(Stored data entries)

★ ★ ★ ★

(* Let $x_a,x_b\in\mathbb{R}$ and $U=\{x\in C^1[a,b]: x(a)=x_a,\ x(b)=x_b\}$. Let $x$ be a local minimizer of $J(x)=\int_a^b L(t,x(t),{}^CD_{a+}^{\alpha,\rho}x(t))\,dt$ on $U$. If the second partial derivatives $\partial^2_{ij}L$ exist and are continuous for $i,j\in\{2,3\}$, then $$\partial^2_{33}L(t,x(t),{}^CD_{a+}^{\alpha,\rho}x(t))\ge 0\quad\text{for all } t\in[a,b].$$
   Context: Fix $0<a<b<\infty$, $\alpha\in(0,1)$, $\rho>0$. For $x\in C^1[a,b]$, ${}^CD_{a+}^{\alpha,\rho} x(t)=\frac{\rho^\alpha}{\Gamma(1-\alpha)}\, t^{1-\rho}\frac{d}{dt}\int_a^t \frac{\tau^{\rho-1}}{(t^\rho-\tau^\rho)^\alpha}[x(\tau)-x(a)]\,d\tau=\frac{\rho^\alpha}{\Gamma(1-\alpha)}\int_a^t (t^\rho-\tau^\rho)^{-\alpha}x'(\tau)\,d\tau$. For a function $f$, $D_{b-}^{\alpha,\rho} f(t)=\frac{\rho^\alpha}{\Gamma(1-\alpha)}\frac{d}{dt}\int_t^b (\tau^\rho-t^\rho)^{-\alpha}f(\tau)\,d\tau$. $\partial_i$ and $\partial^2_{ij}$ denote first and second partial derivatives with respect to the indicated arguments. $L:[a,b]\times\mathbb{R}^2\to\mathbb{R}$ is continuously differentiable with respect to its second and third arguments, and for every $x\in C^1[a,b]$ the map $t\mapsto D_{b-}^{\alpha,\rho}(\partial_3L(t,x(t),{}^CD_{a+}^{\alpha,\rho}x(t)))$ is continuous. $C^1[a,b]$ carries the norm $\|x\|=\max|x|+\max|{}^CD_{a+}^{\alpha,\rho}x|$, and local minimizers are taken with respect to this norm. *)

theory Defs
  imports "HOL-Analysis.Analysis"
begin

definition C1_on :: "real \<Rightarrow> real \<Rightarrow> (real \<Rightarrow> real) \<Rightarrow> bool" where
  "C1_on a b x \<longleftrightarrow>
     (\<exists>x'. continuous_on {a..b} x' \<and>
           (\<forall>t\<in>{a..b}. (x has_real_derivative x' t) (at t within {a..b})))"

definition caputo_left :: "real \<Rightarrow> real \<Rightarrow> real \<Rightarrow> real \<Rightarrow> (real \<Rightarrow> real) \<Rightarrow> real \<Rightarrow> real" where
  "caputo_left a b \<alpha> \<rho> x t =
     \<rho> powr \<alpha> / Gamma (1 - \<alpha>) *
       integral {a..t} (\<lambda>\<tau>. (t powr \<rho> - \<tau> powr \<rho>) powr (- \<alpha>) * vector_derivative x (at \<tau> within {a..b}))"

definition RL_right_primitive :: "real \<Rightarrow> real \<Rightarrow> real \<Rightarrow> (real \<Rightarrow> real) \<Rightarrow> real \<Rightarrow> real" where
  "RL_right_primitive b \<alpha> \<rho> f s =
     \<rho> powr \<alpha> / Gamma (1 - \<alpha>) * integral {s..b} (\<lambda>\<tau>. (\<tau> powr \<rho> - s powr \<rho>) powr (- \<alpha>) * f \<tau>)"

definition RL_right :: "real \<Rightarrow> real \<Rightarrow> real \<Rightarrow> real \<Rightarrow> (real \<Rightarrow> real) \<Rightarrow> real \<Rightarrow> real" where
  "RL_right a b \<alpha> \<rho> f t = vector_derivative (RL_right_primitive b \<alpha> \<rho> f) (at t within {a..b})"

definition RL_right_continuous :: "real \<Rightarrow> real \<Rightarrow> real \<Rightarrow> real \<Rightarrow> (real \<Rightarrow> real) \<Rightarrow> bool" where
  "RL_right_continuous a b \<alpha> \<rho> f \<longleftrightarrow>
     (\<forall>t\<in>{a..b}. RL_right_primitive b \<alpha> \<rho> f differentiable (at t within {a..b})) \<and>
     continuous_on {a..b} (RL_right a b \<alpha> \<rho> f)"

definition J_fun :: "real \<Rightarrow> real \<Rightarrow> real \<Rightarrow> real \<Rightarrow> (real \<Rightarrow> real \<Rightarrow> real \<Rightarrow> real) \<Rightarrow> (real \<Rightarrow> real) \<Rightarrow> real" where
  "J_fun a b \<alpha> \<rho> L x = integral {a..b} (\<lambda>t. L t (x t) (caputo_left a b \<alpha> \<rho> x t))"

definition frac_norm :: "real \<Rightarrow> real \<Rightarrow> real \<Rightarrow> real \<Rightarrow> (real \<Rightarrow> real) \<Rightarrow> real" where
  "frac_norm a b \<alpha> \<rho> x = (SUP t\<in>{a..b}. \<bar>x t\<bar>) + (SUP t\<in>{a..b}. \<bar>caputo_left a b \<alpha> \<rho> x t\<bar>)"

definition U_set :: "real \<Rightarrow> real \<Rightarrow> real \<Rightarrow> real \<Rightarrow> (real \<Rightarrow> real) set" where
  "U_set a b xa xb = {x. C1_on a b x \<and> x a = xa \<and> x b = xb}"
text \<open>Distance d(A,X) between sets with the conventions: inf over the empty set is
  +infinity (so d = +infinity if A or X is empty).  dist_pos A X says d(A,X) > 0;
  when d(A,X) = 0 the factor d^(-s) is +infinity and the bound is vacuous.
  weight s A X = 1 + d(A,X)^(-s), valid when dist_pos A X holds.\<close>
definition dist_pos :: "'a::metric_space set \<Rightarrow> 'a set \<Rightarrow> bool" where
  "dist_pos A X \<longleftrightarrow> A = {} \<or> X = {} \<or> setdist A X > 0"

definition weight :: "real \<Rightarrow> 'a::metric_space set \<Rightarrow> 'a set \<Rightarrow> real" where
  "weight s A X = (if A = {} \<or> X = {} then 1 else 1 + setdist A X powr (-s))"

text \<open>Compactly supported distributions on the open set U, identified (canonical extension)
  with continuous linear functionals on E(U) = smooth functions on U; the functional only
  depends on the restriction of its argument to U.\<close>
definition compact_distribution :: "'a::euclidean_space set \<Rightarrow> (('a \<Rightarrow> complex) \<Rightarrow> complex) \<Rightarrow> bool" where
  "compact_distribution U t \<longleftrightarrow>
     (\<forall>\<phi> \<psi>. smooth_on U \<phi> \<longrightarrow> smooth_on U \<psi> \<longrightarrow> t (\<lambda>x. \<phi> x + \<psi> x) = t \<phi> + t \<psi>) \<and>
     (\<forall>c \<phi>. smooth_on U \<phi> \<longrightarrow> t (\<lambda>x. c * \<phi> x) = c * t \<phi>) \<and>
     (\<forall>\<phi> \<psi>. (\<forall>x\<in>U. \<phi> x = \<psi> x) \<longrightarrow> t \<phi> = t \<psi>) \<and>
     (\<exists>K k C. compact K \<and> K \<subseteq> U \<and>
        (\<forall>\<phi>. smooth_on U \<phi> \<longrightarrow> norm (t \<phi>) \<le> C * seminorm_on K k \<phi>))"

end

theory Submission
  imports Defs
begin

text \<open>Leibniz' rule bounds every derivative of order at most k of f\<phi> at a point
  x \<in> Supp \<phi> by 2^k times the product of the corresponding bounds for f and \<phi>.  By (2),
  the bound for f at x is C2(1 + d(x,X)^-s2) \<le> C2(1 + d(Supp \<phi>,X)^-s2), and f\<phi> vanishes
  off Supp \<phi>.  Since Supp(f\<phi>) \<subseteq> Supp \<phi>, hypothesis (1) applied to f\<phi> then yields the
  product of the two weights, which is at most 2(1 + d^-(s1+s2)) because d^-s1 and
  d^-s2 lie on the same side of 1.\<close>

lemma frechet_derivative_eq_within_open:
  assumes "open U" "x \<in> U" "\<And>y. y \<in> U \<Longrightarrow> g y = h y"
  shows "frechet_derivative g (at x) = frechet_derivative h (at x)"
proof -
  have "(g has_derivative D) (at x) \<longleftrightarrow> (h has_derivative D) (at x)" for D
    using has_derivative_transform_within_open[OF _ assms(1,2), of g D UNIV h]
          has_derivative_transform_within_open[OF _ assms(1,2), of h D UNIV g] assms(3)
    by auto
  then show ?thesis unfolding frechet_derivative_def by simp
qed

lemma differentiable_transform_within_open:
  assumes "g differentiable (at x)" "open U" "x \<in> U" "\<And>y. y \<in> U \<Longrightarrow> g y = h y"
  shows "h differentiable (at x)"
proof -
  obtain D where "(g has_derivative D) (at x)" using assms(1) unfolding differentiable_def by blast
  then have "(h has_derivative D) (at x)" by (rule has_derivative_transform_within_open[OF _ assms(2-4)])
  then show ?thesis unfolding differentiable_def by blast
qed

lemma dderiv_transform_within_open:
  assumes "open U" "\<And>y. y \<in> U \<Longrightarrow> g y = h y"
  shows "x \<in> U \<Longrightarrow> dderiv vs g x = dderiv vs h x"
proof (induction vs arbitrary: x)
  case Nil then show ?case using assms by simp
next
  case (Cons v vs)
  have "frechet_derivative (dderiv vs g) (at x) = frechet_derivative (dderiv vs h) (at x)"
    by (rule frechet_derivative_eq_within_open[OF assms(1) Cons.prems]) (rule Cons.IH)
  then show ?case by simp
qed

lemma dderiv_zero [simp]: "dderiv vs (\<lambda>x. 0) = (\<lambda>x. 0)"
  by (induction vs) auto

lemma dderiv_eq_0_outside_Supp:
  assumes "x \<notin> Supp g"
  shows "dderiv vs g x = 0"
proof -
  have "open (- Supp g)" unfolding Supp_def by (intro open_Compl closed_closure)
  moreover have "g y = 0" if "y \<in> - Supp g" for y
    using that closure_subset[of "{x. g x \<noteq> 0}"] unfolding Supp_def by auto
  ultimately have "dderiv vs g x = dderiv vs (\<lambda>x. 0) x"
    using assms by (intro dderiv_transform_within_open[of "- Supp g"]) auto
  then show ?thesis by simp
qed

text \<open>The terms of Leibniz' rule for dderiv vs (f g): each direction in vs is assigned to f or to g.\<close>
fun splittings :: "'a list \<Rightarrow> ('a list \<times> 'a list) list" where
  "splittings [] = [([], [])]"
| "splittings (v # vs) =
     map (\<lambda>(a, b). (v # a, b)) (splittings vs) @ map (\<lambda>(a, b). (a, v # b)) (splittings vs)"

lemma length_splittings: "length (splittings vs) = 2 ^ length vs"
  by (induction vs) auto

lemma splittings_subset:
  "p \<in> set (splittings vs) \<Longrightarrow>
     set (fst p) \<subseteq> set vs \<and> set (snd p) \<subseteq> set vs \<and>
     length (fst p) \<le> length vs \<and> length (snd p) \<le> length vs"
  by (induction vs arbitrary: p) fastforce+

lemma has_derivative_sum_list:
  assumes "\<And>p. p \<in> set L \<Longrightarrow> (F p has_derivative F' p) (at x)"
  shows "((\<lambda>y. \<Sum>p\<leftarrow>L. F p y) has_derivative (\<lambda>h. \<Sum>p\<leftarrow>L. F' p h)) (at x)"
  using assms by (induction L) (auto intro: has_derivative_add)

lemma norm_sum_list_le:
  fixes F :: "'b \<Rightarrow> 'c::real_normed_vector"
  assumes "\<And>p. p \<in> set L \<Longrightarrow> norm (F p) \<le> B"
  shows "norm (\<Sum>p\<leftarrow>L. F p) \<le> real (length L) * B"
  using assms
proof (induction L)
  case (Cons a L)
  have "norm (\<Sum>p\<leftarrow>a # L. F p) \<le> norm (F a) + norm (\<Sum>p\<leftarrow>L. F p)"
    by (simp add: norm_triangle_ineq)
  also have "\<dots> \<le> B + real (length L) * B" using Cons by (intro add_mono) auto
  finally show ?case by (simp add: algebra_simps)
qed simp
text \<open>The constant is \<open>\<pi>\<^sup>2 / 6\<close>, but its value is never needed. The derivative vanishes off both
  cuts; the identity extends to \<open>(1, \<infinity>)\<close>, where \<open>Li2\<close> takes its boundary values from below, by
  continuity from below.\<close>
lemma Li2_reflection:
  obtains C where "\<And>w. w \<notin> \<real>\<^sub>\<le>\<^sub>0 \<Longrightarrow> w \<noteq> 1 \<Longrightarrow> Li2 w + Li2 (1 - w) + Ln w * Ln (1 - w) = C"
proof -
  define F where "F w = Li2 w + Li2 (1 - w) + Ln w * Ln (1 - w)" for w
  have "F constant_on (Li2_domain - \<real>\<^sub>\<le>\<^sub>0)"
  proof (rule has_field_derivative_0_imp_constant_on)
    show "(F has_field_derivative 0) (at w)" if "w \<in> Li2_domain - \<real>\<^sub>\<le>\<^sub>0" for w
      unfolding F_def[abs_def] using that by (rule Li2_reflection_has_field_derivative)
    show "connected (Li2_domain - \<real>\<^sub>\<le>\<^sub>0)"
      by (rule starlike_imp_connected[OF starlike_Li2_domain_minus_nonpos_Reals])
    show "open (Li2_domain - \<real>\<^sub>\<le>\<^sub>0)"
      using open_Li2_domain by auto
  qed
  then obtain C where C: "\<And>w. w \<in> Li2_domain - \<real>\<^sub>\<le>\<^sub>0 \<Longrightarrow> F w = C"
    unfolding constant_on_def by blast
  have "F w = C" if w: "w \<notin> \<real>\<^sub>\<le>\<^sub>0" "w \<noteq> 1" for w
  proof (cases "w \<in> Li2_domain")
    case True
    then show ?thesis using w C by blast
  next
    case False
    define a where "a = Re w"
    have "Im w = 0" "1 \<le> a"
      using False by (auto simp: Li2_domain_iff a_def)
    then have a: "w = of_real a" "1 < a"
      using w(2) by (auto simp: a_def complex_eq_iff)
    define u :: "nat \<Rightarrow> complex" where "u n = of_real a - \<i> * of_real (inverse (Suc n))" for n
    have Im_u: "Im (u n) = - inverse (Suc n)" for n
      by (simp add: u_def field_simps power2_eq_square)
    have u: "u \<longlonglongrightarrow> w"
      unfolding u_def a by (rule tendsto_vertically_from_below)
    have "(\<lambda>n. Li2 (u n)) \<longlonglongrightarrow> Li2 w"
      unfolding u_def a by (rule Li2_tendsto_from_lower_half[OF a(2)])
    moreover have "(\<lambda>n. Li2 (1 - u n)) \<longlonglongrightarrow> Li2 (1 - w)"
      using a by (intro isCont_tendsto_compose[OF isCont_Li2] tendsto_intros u) (simp add: Li2_domain_iff)
    moreover have "(\<lambda>n. Ln (u n)) \<longlonglongrightarrow> Ln w"
      using w by (intro isCont_tendsto_compose[OF continuous_at_Ln] u)
    moreover have "(\<lambda>n. Ln (1 - u n)) \<longlonglongrightarrow> Ln (1 - w)"
      using a Im_u by (intro tendsto_Ln_from_upper_half tendsto_intros u) auto
    ultimately have "(\<lambda>n. F (u n)) \<longlonglongrightarrow> F w"
      unfolding F_def by (intro tendsto_add tendsto_mult)
    moreover have "F (u n) = C" for n
      using Im_u[of n] by (intro C) (simp add: Li2_domain_iff complex_nonpos_Reals_iff)
    ultimately show ?thesis
      using LIMSEQ_unique[OF _ tendsto_const] by simp
  qed
  then show ?thesis
    using that unfolding F_def by blast
qed

section \<open>The lifted dilogarithm modulo \<open>2\<pi>\<^sup>2\<close>\<close>

definition int_multiple :: "complex \<Rightarrow> complex \<Rightarrow> bool" where
  "int_multiple P z \<longleftrightarrow> (\<exists>n::int. z = of_int n * P)"

lemma int_multiple_0 [simp]: "int_multiple P 0"
  unfolding int_multiple_def by (intro exI[of _ 0]) simp

lemma int_multiple_of_int [simp]: "int_multiple P (of_int n * P)"
  unfolding int_multiple_def by blast

lemma int_multiple_add: "int_multiple P a \<Longrightarrow> int_multiple P b \<Longrightarrow> int_multiple P (a + b)"
  unfolding int_multiple_def by (metis distrib_right of_int_add)

lemma int_multiple_minus: "int_multiple P a \<Longrightarrow> int_multiple P (- a)"
  unfolding int_multiple_def by (metis mult_minus_left of_int_minus)

lemma int_multiple_mult_of_int: "int_multiple P a \<Longrightarrow> int_multiple P (of_int k * a)"
  unfolding int_multiple_def by (metis mult.assoc of_int_mult)

lemma int_multiple_sum: "(\<And>i. i \<in> I \<Longrightarrow> int_multiple P (f i)) \<Longrightarrow> int_multiple P (\<Sum>i\<in>I. f i)"
  by (induction I rule: infinite_finite_induct) (auto intro: int_multiple_add)

lemma int_multiple_mult: "int_multiple P a \<Longrightarrow> int_multiple (c * P) (c * a)"
  unfolding int_multiple_def by (metis mult.left_commute)

lemma int_multiple_minus_period: "int_multiple (- P) a \<longleftrightarrow> int_multiple P a"
  unfolding int_multiple_def by (metis minus_minus mult_minus_left mult_minus_right of_int_minus)

lemma int_multiple_small_eq_0:
  assumes "int_multiple P a" "cmod a < cmod P" shows "a = 0"
proof -
  obtain n :: int where n: "a = of_int n * P" using assms(1) by (auto simp: int_multiple_def)
  then have "\<bar>real_of_int n\<bar> * cmod P < 1 * cmod P" using assms(2) by (simp add: norm_mult)
  then have "\<bar>real_of_int n\<bar> < 1" by (simp add: mult_less_cancel_right2)
  then have "n = 0" by linarith
  then show ?thesis using n by simp
qed

lemma exp_eq_imp_2pi_multiple:
  assumes "exp u = exp v" obtains n :: int where "u = v + of_int n * (2 * of_real pi * \<i>)"
proof -
  obtain n :: int where "u = v + (of_int (2 * n) * pi) * \<i>" using assms unfolding exp_eq by blast
  then show ?thesis by (intro that[of n]) simp
qed

lemma Ln_exp_2pi_multiple: "int_multiple (2 * of_real pi * \<i>) (z - Ln (exp z))"
proof -
  obtain n :: int where "z = Ln (exp z) + of_int n * (2 * of_real pi * \<i>)"
    using exp_eq_imp_2pi_multiple[of z "Ln (exp z)"] by auto
  then show ?thesis by (metis add_diff_cancel_left' int_multiple_of_int)
qed

lemma two_pi_i_squared: "(2 * of_real pi * \<i>) * (2 * of_real pi * \<i>) = - 2 * (2 * of_real (pi^2) :: complex)"
  by (simp add: power2_eq_square algebra_simps)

★ ★ ★ ★

Write down exactly the span of lines above from the one containing "b \<alpha> \<rho> f s" to the one containing "(RL_right a b", both ends included.

  "RL_right_primitive b \<alpha> \<rho> f s =
     \<rho> powr \<alpha> / Gamma (1 - \<alpha>) * integral {s..b} (\<lambda>\<tau>. (\<tau> powr \<rho> - s powr \<rho>) powr (- \<alpha>) * f \<tau>)"

definition RL_right :: "real \<Rightarrow> real \<Rightarrow> real \<Rightarrow> real \<Rightarrow> (real \<Rightarrow> real) \<Rightarrow> real \<Rightarrow> real" where
  "RL_right a b \<alpha> \<rho> f t = vector_derivative (RL_right_primitive b \<alpha> \<rho> f) (at t within {a..b})"

definition RL_right_continuous :: "real \<Rightarrow> real \<Rightarrow> real \<Rightarrow> real \<Rightarrow> (real \<Rightarrow> real) \<Rightarrow> bool" where
  "RL_right_continuous a b \<alpha> \<rho> f \<longleftrightarrow>
     (\<forall>t\<in>{a..b}. RL_right_primitive b \<alpha> \<rho> f differentiable (at t within {a..b})) \<and>
     continuous_on {a..b} (RL_right a b \<alpha> \<rho> f)"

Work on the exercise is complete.